Com o filme Festa no Céu, aprendi um pouco sobre a beleza do “Dia de Los Muertos” mexicano.
A ideia singela de que, enquanto lembrarmos de nossos mortos, eles viverão num lugar lindo, cheio de alegria e esperança de reencontro. “A terra dos lembrados”.
Hoje é dia dos mortos. Mais do que nunca desejo que estes meus amados estejam bem, abraçados por todo o amor de quem ficou aqui.
Neste momento de transformação, aprecio profundamente o legado destes anjos que me guardam, dia após dia.
Minha forma de lembrar é agradecer. Para que seja dia de festa na “Terra dos Lembrados”. Para que o amor por eles ilumine o meu coração saudoso.
A primeira pessoa que perdi foi tio Itê. Eu tinha cinco anos.

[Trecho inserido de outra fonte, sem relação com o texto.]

lemma power_card_UNIV_eq:
  fixes x :: "'a::{field,finite}"
  shows "x ^ CARD('a) = x"
proof (cases "x = 0")
  case False
  let ?U = "UNIV - {0::'a}"
  have "(\<Prod>y\<in>?U. x * y) = (\<Prod>y\<in>?U. y)"
    using False by (intro prod.reindex_bij_witness[of _ "\<lambda>y. y / x" "\<lambda>y. x * y"]) auto
  then have "x ^ card ?U = 1"
    by (simp add: prod.distrib)
  moreover have "CARD('a) = Suc (card ?U)"
    by (simp add: card_Diff_subset)
  ultimately show ?thesis
    by (simp only: power_Suc mult_1_right)
qed simp

lemma cube_root_exists:
  assumes card: "CARD('a::{field,finite}) = 27"
  shows "\<exists>\<alpha>::'a. \<alpha> ^ 3 = \<alpha> + 1"
proof (rule ccontr)
  assume no_root: "\<nexists>\<alpha>::'a. \<alpha> ^ 3 = \<alpha> + 1"
  text \<open>\<open>Q\<close> is the quotient of \<open>t\<^sup>2\<^sup>7 - t\<close> by \<open>t\<^sup>3 - t - 1\<close> over \<open>GF(3)\<close>, with coefficients in
    \<open>{-1, 0, 1}\<close>; over the integers the division leaves a remainder divisible by 3.\<close>
  define Q :: "'a poly" where
    "Q = [:0, 1, -1, 1, 0, -1, -1, 1, 1, 1, 0, 1, 0, 0, 1, -1, 1, 0, -1, -1, 1, 1, 1, 0, 1:]"
  have "(x ^ 3 - x - 1) * poly Q x = x ^ 27 - x + 3 * (x^6 - x^8 - x^9 + x^19 - x^21 - x^22)"
    for x :: 'a
    unfolding Q_def by simp algebra
  then have "(x ^ 3 - x - 1) * poly Q x = 0" for x :: 'a
    using power_card_UNIV_eq[of x] char_3_of_card_27[OF card] card by simp
  moreover have "x ^ 3 - x - 1 \<noteq> 0" for x :: 'a
    using no_root by (auto simp: algebra_simps)
  ultimately have "{x. poly Q x = 0} = UNIV"
    by auto
  moreover have "Q \<noteq> 0" and "degree Q = 24"
    unfolding Q_def by simp_all
  ultimately show False
    using card_poly_roots_bound[of Q] card by simp
qed

section \<open>Points and lines of \<open>PG(2, q)\<close>\<close>

definition pg_point :: "'a::field vec3 \<Rightarrow> 'a vec3 set" where
  "pg_point v = {vsmult c v | c. True}"

definition pg_line :: "'a::field vec3 \<Rightarrow> 'a vec3 \<Rightarrow> 'a vec3 set" where
  "pg_line u w = {vadd (vsmult s u) (vsmult t w) | s t. True}"

definition dot :: "'a::field vec3 \<Rightarrow> 'a vec3 \<Rightarrow> 'a" where
  "dot n v = fst n * fst v + fst (snd n) * fst (snd v) + snd (snd n) * snd (snd v)"

definition cross :: "'a::field vec3 \<Rightarrow> 'a vec3 \<Rightarrow> 'a vec3" where
  "cross u w = (fst (snd u) * snd (snd w) - snd (snd u) * fst (snd w),
                snd (snd u) * fst w - fst u * snd (snd w),
                fst u * fst (snd w) - fst (snd u) * fst w)"

lemma pg_point_in_pg_points: "v \<noteq> (0, 0, 0) \<Longrightarrow> pg_point v \<in> pg_points"
  unfolding pg_points_def pg_point_def by blast

lemma pg_lines_iff: "L \<in> pg_lines \<longleftrightarrow> (\<exists>u w. lin_indep2 u w \<and> L = pg_line u w)"
  unfolding pg_lines_def pg_line_def by blast

lemma mem_pg_point_self: "v \<in> pg_point v"
  unfolding pg_point_def by (rule CollectI, rule exI[of _ 1]) (simp add: vsmult_def)

lemma pg_point_subset_pg_line:
  assumes "v \<in> pg_line u w"
  shows "pg_point v \<subseteq> pg_line u w"
proof
  fix x assume "x \<in> pg_point v"
  then obtain c where x: "x = vsmult c v"
    unfolding pg_point_def by blast
  obtain s t where v: "v = vadd (vsmult s u) (vsmult t w)"
    using assms unfolding pg_line_def by blast
  have "x = vadd (vsmult (c * s) u) (vsmult (c * t) w)"
    unfolding x v vadd_def vsmult_def by (simp add: algebra_simps)
  then show "x \<in> pg_line u w"
    unfolding pg_line_def by blast
qed

lemma inj_pg_point_affine: "inj (\<lambda>(x, y). pg_point (x, y, 1 :: 'a::field))"
proof (rule injI, clarify)
  fix x y x' y' :: 'a
  assume "pg_point (x, y, 1) = pg_point (x', y', 1)"
  then have "(x', y', 1) \<in> pg_point (x, y, 1)"
    using mem_pg_point_self by metis
  then show "x = x' \<and> y = y'"
    unfolding pg_point_def by (auto simp: vsmult_def)
qed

Um afeto importante na minha vidinha de criança. Lembro que esperá-lo era um acontecimento. Com suas histórias, criatividade e bom humor.
Os anos se passaram. E veio a maior dor de todas. Perder minha avó Regina, colo infinito, meu continente, amor incondicional. Ainda sinto sua presença velando meu sono, minha rainha. Lembro dos passeios na Avenida Pelinca, comprar poquinha no Laura, os lanches de pão com manteiga e queijo prato. Mais tarde, os bons conselhos, a acolhida para o coração adolescente. Entre tantas, tantas memórias, foi ela quem abriu a caixa mágica das palavras, presenteando-me com uma caixa cheia de meus livrinhos cor-de-rosa, aos nove anos.
Apenas quarenta dias depois, meu avô com açúcar, vovô Celso, partiu também. Esteio de minha infância, inspiração da minha vida adulta. Lembro das coca-colas depois de visitar a roça com ele. O bom humor. A resiliência de quem comprou sua fazenda aos setenta anos. A humildade, a justiça, o chá com biscoito cream cracker, à tarde.
Depois, a centenária vovó Aída. Alma de artista, espírito de luz. Ah, se eu soubesse o que sei hoje, como haveria bebido mais de sua fonte… Ela que me ensinou sobre o poder purificador da água. Como sabia das coisas por vir. Dela lembro das conversas, do olhar amigo, de um quadro que “se transformava” e da convicção inesperada que irrompia de seu corpo frágil.
Anos depois, vovó Gisela foi reencontrar o marido. Sua morte acordou um chamado de mudança. “Gisela viveu todos seus talentos”. E fui buscar os meus. Vovó do rangido do assoalho de manhã, a última a se sentar. Vovó Gisa, dos quindins e do batom e água de alfazema. Vó Gisa, da mesa farta, do coração indômito, da inteligência brilhante e determinada.
Então foi a vez de tio Márcio, Amor-Continente. A primeira morte enfrentada de olhos bem abertos, acompanhada de perto. Uma voz de trovão retumbando no peito. Referência de ética, amor à família, firmeza nas horas difíceis.
Por último, Eliane. Amiga recente, mas de tamanha intensidade. Nos víamos quase toda a semana. Ela me orientou no caminho espiritual, me apresentou tantos recursos de cura. Ensinou-me também a prudência com o cuidar do outro.
Há muitos outros mortos queridos ou significativos. Tio Dario, tio Geio, Tia Maria, Tia Neni, Ben, Chiquinho e muitos mais. Tantos nomes.
Hoje, mais que nunca, os recordo. Sem tristeza. Gratidão e a certeza de que tudo tem seu tempo e lugar. O deles, agora, é em outro mundo, velando o meu.